Mike, that's the normal pattern for deploy #frag based linked data, stick it 
all in files, then Options +MultiViews to enable conneg.

The main difference here is that HTTP denotes some meaning over all 
representations with status codes (its in HTTPs domain), other than 303 which 
cancels that and let's us say something is what we say it is.

However, frag URIs completely skirt around and void this issue, you can whatever code 
you like with them, as they aren't the URIs you GET. Whereas /slash does not.

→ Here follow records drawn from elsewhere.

(* For every $n\ge 1$, $$\sum_{F\in F_n}q^{\operatorname{inv}(F)}u^{\operatorname{lead}(F)}c^{\operatorname{tree}(F)}=\sum_{P\in PF_n}q^{\operatorname{jump}(P)}u^{\operatorname{lucky}(P)}c^{\operatorname{critic}(P)}.$$
   Context: $F_n$ is the set of rooted forests on the vertex set $\{1,\dots,n\}$ (graphs whose components are trees, each with a distinguished root). A vertex $j$ is a descendant of $i$ if $j\ne i$ and $i$ lies on the path from the root of its component to $j$. An inversion of $F$ is a pair $(i,j)$ with $i>j$ and $j$ a descendant of $i$; $\operatorname{inv}(F)$ is the number of inversions. A vertex $v$ is a leader if it is smaller than all its descendants; $\operatorname{lead}(F)$ is the number of leaders; $\operatorname{tree}(F)$ is the number of trees of $F$. Parking algorithm: for a sequence $P=(p_1,\dots,p_n)$ of positive integers, cars $1,\dots,n$ park in turn, car $c$ taking the first empty space among $p_c,p_c+1,\dots$; let $q_c$ be its space. $PF_n$ is the set of such sequences with all $q_c\le n$. $\operatorname{jump}(P)=\sum_c(q_c-p_c)=\binom{n+1}{2}-\sum_c p_c$; a car is lucky if $q_c=p_c$, and $\operatorname{lucky}(P)$ is the number of lucky cars. A car $c$ is critical if at the moment it parks all spaces $q_c+1,\dots,n$ are occupied; $\operatorname{critic}(P)$ is the number of critical cars. *)

theory Defs
  imports Main
begin

text \<open>A rooted forest on the vertex set {1..n} is encoded by its parent map:
  par v = None if v is a root, par v = Some w if w is the parent of v
  (the neighbour of v on the path from the root of its component to v).\<close>

definition parent_rel :: "(nat \<Rightarrow> nat option) \<Rightarrow> (nat \<times> nat) set" where
  "parent_rel par = {(v, w). par v = Some w}"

Many have been doing the frag approach successfully and simply with zero issues 
and staying clear of HTTP semantics while getting the benefit for years by 
using frag URIs.


But others have had success using the 303 approach consistently, eg dbpedia with its /resource/foo redirecting to /page/foo. And the frag approach does have its issues, most notably that almost the entire Web machinery has a kind of blanket permission to strip off the frags, since they are supposed to have no meaning outside the state of the sender. True this doesn't seem to matter in practice, but it is slightly worrying. 


Issue or semantic-indirection enabling feature? is the big question I 
guess, yet to see any evidence that is an issue, however many people 
who's judgement I trust seem to have a gut instinct frags aren't good.


But perhaps that's for another day. I've hit my bandwidth + signal to 
noise ratio for today about 5 hours ago.